To test HT, we ran a varying number of concurrent instances of a CPU intensive application on two machines, each with a single X5570 processor, one with HT enabled and other with HT disabled. The test program fits cache, so there should be little contention for memory bandwidth. The graph below summarizes the findings using solutions/sec generated by our test program as the performance metric. Measurements from our HT-enabled machine are marked HT, and measurements from our HT-disabled machine are marked NHT (No HT).

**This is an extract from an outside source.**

(* Let $X=\min\{g_{sr},g_{sd}\}$ and $$\bar C_{s_1,\mathrm{SC}}:=\tfrac12\,\mathbb E\Big[\log_2\Big(1+\tfrac{a_1\rho X}{a_2\rho X+1}\Big)\Big]=\tfrac12\,\mathbb E\big[\log_2(1+\rho X)-\log_2(1+a_2\rho X)\big].$$ Then \begin{align*} \bar C_{s_1,\mathrm{SC}}=\frac{1}{2\ln 2}&\sum_{\substack{k_0+\cdots+k_{m_{sr}}=N_r\\ k_0\neq N_r}}\ \sum_{\substack{l_0+\cdots+l_{m_{sd}}=N_d\\ l_0\neq N_d}}\binom{N_r}{k_0,\ldots,k_{m_{sr}}}\binom{N_d}{l_0,\ldots,l_{m_{sd}}}(-1)^{N_r+N_d-k_0-l_0}\\ &\times\Big\{\prod_{\mu=0}^{m_{sr}-1}\Big(\tfrac{1}{\mu!}\Big)^{k_{\mu+1}}\Big\}\Big(\tfrac{m_{sr}}{\Omega_{sr}}\Big)^{\tau}\Big\{\prod_{\nu=0}^{m_{sd}-1}\Big(\tfrac{1}{\nu!}\Big)^{l_{\nu+1}}\Big\}\Big(\tfrac{m_{sd}}{\Omega_{sd}}\Big)^{\omega}\frac{\Gamma(\tau+\omega+1)}{\rho^{\tau+\omega}}\\ &\times\Big\{e^{\Psi_{k_0,l_0}/\rho}\,\Gamma\Big[-\tau-\omega,\tfrac{\Psi_{k_0,l_0}}{\rho}\Big]-\frac{1}{a_2^{\tau+\omega}}e^{\Psi_{k_0,l_0}/(\rho a_2)}\,\Gamma\Big[-\tau-\omega,\tfrac{\Psi_{k_0,l_0}}{\rho a_2}\Big]\Big\}, \end{align*} where $\tau=\sum_{\mu=0}^{m_{sr}-1}\mu k_{\mu+1}$, $\omega=\sum_{\nu=0}^{m_{sd}-1}\nu l_{\nu+1}$ and $\Psi_{k_0,l_0}=\frac{(N_r-k_0)m_{sr}}{\Omega_{sr}}+\frac{(N_d-l_0)m_{sd}}{\Omega_{sd}}$.
   Context: Let $N_r,N_d$ be positive integers, $m_{sr},m_{sd},m_{rd}$ positive integers, and $\Omega_{sr},\Omega_{sd},\Omega_{rd}>0$. Let $\{G_{sr,i}\}_{i=1}^{N_r}$, $\{G_{sd,j}\}_{j=1}^{N_d}$, $\{G_{rd,k}\}_{k=1}^{N_d}$ be mutually independent random variables, where each $G_{sr,i}$ has the Gamma density $f(x)=\frac{(m_{sr}/\Omega_{sr})^{m_{sr}}x^{m_{sr}-1}}{\Gamma(m_{sr})}e^{-m_{sr}x/\Omega_{sr}}$, $x>0$ (shape $m_{sr}$, mean $\Omega_{sr}$; these are the squared magnitudes of Nakagami-$m$ channel gains), and analogously $G_{sd,j}$ with parameters $(m_{sd},\Omega_{sd})$ and $G_{rd,k}$ with $(m_{rd},\Omega_{rd})$. Selection combining (SC) gains: $g_{sr}=\max_i G_{sr,i}$, $g_{sd}=\max_j G_{sd,j}$, $g_{rd}=\max_k G_{rd,k}$. Let $\rho>0$ (transmit SNR) and power-allocation coefficients $a_1,a_2\in(0,1)$ with $a_1+a_2=1$, $a_1>a_2$. Sums $\sum_{k_0+\cdots+k_{m}=N,\,k_0\neq N}$ run over tuples of nonnegative integers $(k_0,\dots,k_m)$ summing to $N$ with $k_0\ne N$, and $\binom{N}{k_0,\ldots,k_m}$ is the multinomial coefficient. $\Gamma(\cdot)$ is the Gamma function and $\Gamma[s,z]=\int_z^\infty t^{s-1}e^{-t}\,dt$ ($z>0$, any real $s$) is the upper incomplete Gamma function. *)

theory Defs
  imports "HOL-Probability.Probability"
begin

Given the X5570 is a quad core processor, we expect a pretty consistent number of solutions/sec up to and including four processes. There is actually a very slight improvement running only a single process, and perhaps this is attributable to Turbo Boost. Up to and including four processes there is also no difference between having HT enabled or disabled, so there is no penalty to having HT enabled.
If we define two functions that estimate the solution rate for HT-enabled and HT-disabled processors: RateHT(n) and Rate(n), where n is the number of processes, so far we have Rate(x)=RateHT(x) and Rate(x)=Rate(x-1) for x <= 4 (Rate(1)=1). Move to eight and sixteen processes and things are more interesting. Processes on the HT-disabled processor run at about 1/2 the previous rate, or Rate(8) = Rate(4)/2 and Rate(16) = Rate(8)/2. However, on the HT-enabled processor, RateHT(8) = 1.3 RateHT(4)/2 and RateHT(16) = RateHT(8)/2.
So, HT provides a definite advantage after the process count exceed the physical core count. While each process runs slower after exceeding the number of physical cores, the total throughput of the processor is roughly 30% higher. I'll take that.
HT has returned with Intel's Nehalem based processors and there appears to be good reason to enable it, even if running CPU intensive applications.